Choosing your Words: Lexicalisation and Grammaticalisation in Greek and Latin 

Date: 01-Apr-2022 - 02-Apr-2022 
Location: University College London, United Kingdom 
Contact: Mathilde Bru 
Contact Email: chooseyourwords22 at gmail.com 

Linguistic Field(s): Historical Linguistics 

Meeting Description: 

The UCL Department of Greek and Latin is pleased to announce an International
Conference held at University College London on the 1st-2nd April 2022. 

The aim of this conference is to examine changes in the lexicon and the
constructions of Greek and Latin. The traditionally strong separation between
lexicon and constructions of languages might warrant a closer examination. The
English expression “who knows” can, for instance, function at the same time as
an interrogative as well as an adverb, the latter being traditionally
represented by a lexeme. A similar situation can be observed in Aristophanes’
μὰ τὸν Δία or the Plautine ita me di ament, etc. Examining the variation and
evolution of the language of the literary and documentary corpus can help us
develop different or more thorough interpretations of these texts. This
continuum between constructions and the lexicon is an area where traditional
boundaries between lexicon, morphology, syntax and semantics may be unhelpful
in understanding how and why changes occur. This is symptomatic of a more
systematic issue with terminology: compounds, for example, are the result of a
lexicalisation process by which all of these factors interact with each other.
We hope that case studies from the history of Greek and Latin, underpinned by
a range of theoretical approaches, will help us to develop better frameworks
for the analysis and explanation of linguistic innovation, a field in which
current terminological constraints can make it hard to describe the phenomena
clearly.

Topics might include, but are not limited to:

- Lexicon and constructions: can we understand them as separate categories or
part of a whole?
- Can we understand the reasons (language contact, phonological,
morphological, semantic, pragmatic...) for innovation and change in the
lexicon? 
- Motivations for grammatical change: insights from functional, cognitive,
pragmatic, discourse approaches, etc.
- How can the reasons behind compounding be explained, and why is it sometimes
favoured over other lexicalisation processes? 
- The use of classical texts in examining linguistic change and variation.
- The use of theories of linguistic change and variation in interpreting
classical texts.
- How cognitive approaches to language and ancient texts can inform our
understanding of linguistic change and variation.

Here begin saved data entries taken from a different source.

definition log_theta4 :: "real \<Rightarrow> real" where
  "log_theta4 x = (\<Sum>i. theta4_weighted (\<lambda>a. log_factor a x) i)"

definition log_theta4' :: "real \<Rightarrow> real" where
  "log_theta4' x = (\<Sum>i. theta4_weighted (\<lambda>a. log_factor' a x) i)"

definition log_theta4'' :: "real \<Rightarrow> real" where
  "log_theta4'' x = (\<Sum>i. theta4_weighted (\<lambda>a. log_factor'' a x) i)"

lemma has_field_derivative_log_theta4:
  assumes "0 < x"
  shows "(log_theta4 has_field_derivative log_theta4' x) (at x)"
  unfolding log_theta4_def[abs_def] log_theta4'_def
proof (rule has_field_derivative_suminf_inverse_square_bound[OF assms])
  show "((\<lambda>y. theta4_weighted (\<lambda>a. log_factor a y) n) has_field_derivative
      theta4_weighted (\<lambda>a. log_factor' a y) n) (at y)" if "0 < y" for n y
    using that
    by (intro has_field_derivative_theta4_weighted has_field_derivative_log_factor) simp_all
  show "\<bar>theta4_weighted (\<lambda>a. log_factor' a y) n\<bar> \<le> 3 * (6 / (x / 2) ^ 3) / real (Suc n) ^ 2"
    if "x / 2 \<le> y" for n y
    using that assms by (intro abs_theta4_weighted_le abs_log_factor'_le) simp_all
  show "summable (\<lambda>n. theta4_weighted (\<lambda>a. log_factor a x) n)"
    using assms by (intro summable_theta4_weighted[where K = "2 / x\<^sup>2"] abs_log_factor_le) simp_all
qed

lemma has_field_derivative_log_theta4':
  assumes "0 < x"
  shows "(log_theta4' has_field_derivative log_theta4'' x) (at x)"
  unfolding log_theta4'_def[abs_def] log_theta4''_def
proof (rule has_field_derivative_suminf_inverse_square_bound[OF assms])
  show "((\<lambda>y. theta4_weighted (\<lambda>a. log_factor' a y) n) has_field_derivative
      theta4_weighted (\<lambda>a. log_factor'' a y) n) (at y)" if "0 < y" for n y
    using that
    by (intro has_field_derivative_theta4_weighted has_field_derivative_log_factor') simp_all
  show "\<bar>theta4_weighted (\<lambda>a. log_factor'' a y) n\<bar> \<le> 3 * (28 / (x / 2) ^ 4) / real (Suc n) ^ 2"
    if "x / 2 \<le> y" for n y
    using that assms by (intro abs_theta4_weighted_le abs_log_factor''_le) simp_all
  show "summable (\<lambda>n. theta4_weighted (\<lambda>a. log_factor' a x) n)"
    using assms
    by (intro summable_theta4_weighted[where K = "6 / x ^ 3"] abs_log_factor'_le) simp_all
qed
(* Let $\frac{1}{2}\leq \alpha <1$ and let $G$ be a graph with $n$ vertices and $m$ edges. If $1\leq k\leq n-1$, then $$S_{k}(A_{\alpha}(G))\leq \frac{2\alpha km}{n}+\sqrt{\frac{k(n-k)}{n}\left(\alpha^2Z_1+2m(1-\alpha)^2-\frac{4\alpha^2m^2}{n}\right)},$$ where $Z_1$ is the first Zagreb index of $G$.
   Context: All graphs are simple and undirected. $A_{\alpha}(G)=\alpha D(G)+(1-\alpha)A(G)$, where $A(G)$ is the adjacency matrix and $D(G)$ the diagonal matrix of vertex degrees. For a real symmetric matrix $M$ with eigenvalues $\lambda_1(M)\geq\cdots\geq\lambda_n(M)$, $S_k(M)=\sum_{i=1}^k\lambda_i(M)$. The first Zagreb index $Z_1=Z_1(G)=\sum_{v\in V(G)} d_v^2$ is the sum of the squares of the vertex degrees. *)

theory Defs
  imports "Jordan_Normal_Form.Char_Poly" Complex_Main
begin

definition simple_graph :: "nat \<Rightarrow> (nat \<Rightarrow> nat \<Rightarrow> bool) \<Rightarrow> bool" where
  "simple_graph n E \<longleftrightarrow> (\<forall>i<n. \<forall>j<n. E i j \<longleftrightarrow> E j i) \<and> (\<forall>i<n. \<not> E i i)"

definition num_edges :: "nat \<Rightarrow> (nat \<Rightarrow> nat \<Rightarrow> bool) \<Rightarrow> nat" where
  "num_edges n E = card {(i, j). i < j \<and> j < n \<and> E i j}"

definition degree :: "nat \<Rightarrow> (nat \<Rightarrow> nat \<Rightarrow> bool) \<Rightarrow> nat \<Rightarrow> nat" where
  "degree n E i = card {j. j < n \<and> E i j}"

definition adj_mat :: "nat \<Rightarrow> (nat \<Rightarrow> nat \<Rightarrow> bool) \<Rightarrow> real mat" where
  "adj_mat n E = mat n n (\<lambda>(i, j). if E i j then 1 else 0)"

definition deg_mat :: "nat \<Rightarrow> (nat \<Rightarrow> nat \<Rightarrow> bool) \<Rightarrow> real mat" where
  "deg_mat n E = mat n n (\<lambda>(i, j). if i = j then real (degree n E i) else 0)"

definition A_alpha :: "real \<Rightarrow> nat \<Rightarrow> (nat \<Rightarrow> nat \<Rightarrow> bool) \<Rightarrow> real mat" where
  "A_alpha \<alpha> n E = \<alpha> \<cdot>\<^sub>m deg_mat n E + (1 - \<alpha>) \<cdot>\<^sub>m adj_mat n E"

definition zagreb1 :: "nat \<Rightarrow> (nat \<Rightarrow> nat \<Rightarrow> bool) \<Rightarrow> real" where
  "zagreb1 n E = (\<Sum>i<n. real (degree n E i) ^ 2)"

text \<open>Eigenvalues (with multiplicity) of a real matrix whose characteristic polynomial
  splits over the reals (e.g. a real symmetric matrix), listed in non-increasing order
  lambda_1 >= ... >= lambda_n.\<close>
definition eigenvalues_desc :: "real mat \<Rightarrow> real list" where
  "eigenvalues_desc M = (THE es. sorted_wrt (\<ge>) es \<and> char_poly M = (\<Prod>a\<leftarrow>es. [:- a, 1:]))"

definition S_k :: "nat \<Rightarrow> real mat \<Rightarrow> real" where
  "S_k k M = sum_list (take k (eigenvalues_desc M))"

end

(*
  A_alpha(G) is real symmetric, so its characteristic polynomial splits over the reals, and
  Schur triangularisation turns power sums of its eigenvalues into traces of its powers:
  sum lambda_i = tr A_alpha = 2 alpha m and sum lambda_i^2 = tr (A_alpha^2) = alpha^2 Z_1 + 2m (1-alpha)^2.
  For any real list with sum s and sum of squares q, Cauchy-Schwarz applied separately to the
  first k and to the last n - k entries bounds the sum a of the first k entries by
  (a - k s / n)^2 <= k (n - k) / n * (q - s^2 / n).
*)

theory Submission
  imports Defs "Jordan_Normal_Form.Schur_Decomposition" "HOL-Analysis.Convex"
begin

lemma degree_prod_linear_factors:
  fixes xs :: "'a::idom list"
  shows "Polynomial.degree (\<Prod>a\<leftarrow>xs. [:- a, 1:]) = length xs"
proof (induction xs)
  case (Cons x xs)
  have "(\<Prod>a\<leftarrow>xs. [:- a, 1:]) \<noteq> 0"
    by (auto simp: prod_list_zero_iff)
  then have "Polynomial.degree ([:- x, 1:] * (\<Prod>a\<leftarrow>xs. [:- a, 1:])) = 1 + length xs"
    using Cons.IH by (subst degree_mult_eq) auto
  then show ?case
    by simp
qed simp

A dedicated webpage will appear shortly on the website of the Department of
Greek and Latin, UCL. We are delighted to announce that speakers will include:

Prof. James Clackson (University of Cambridge)
Dr. Evert van Emde Boas (Aarhus University)
Prof. Martin Haspelmath (Max Planck Institute)
Prof. Silvia Luraghi (University of Pavia)
 

The Department of Greek and Latin at UCL is pleased to invite participants to
the conference ''Choosing your Words: Lexicalisation and Grammaticalisation in
Greek and Latin.'' The conference will run in person at the UCL Institute of
Advance Study on Friday 1st and Saturday 2nd April, and will be streamed on
zoom for anyone who would like to attend virtually.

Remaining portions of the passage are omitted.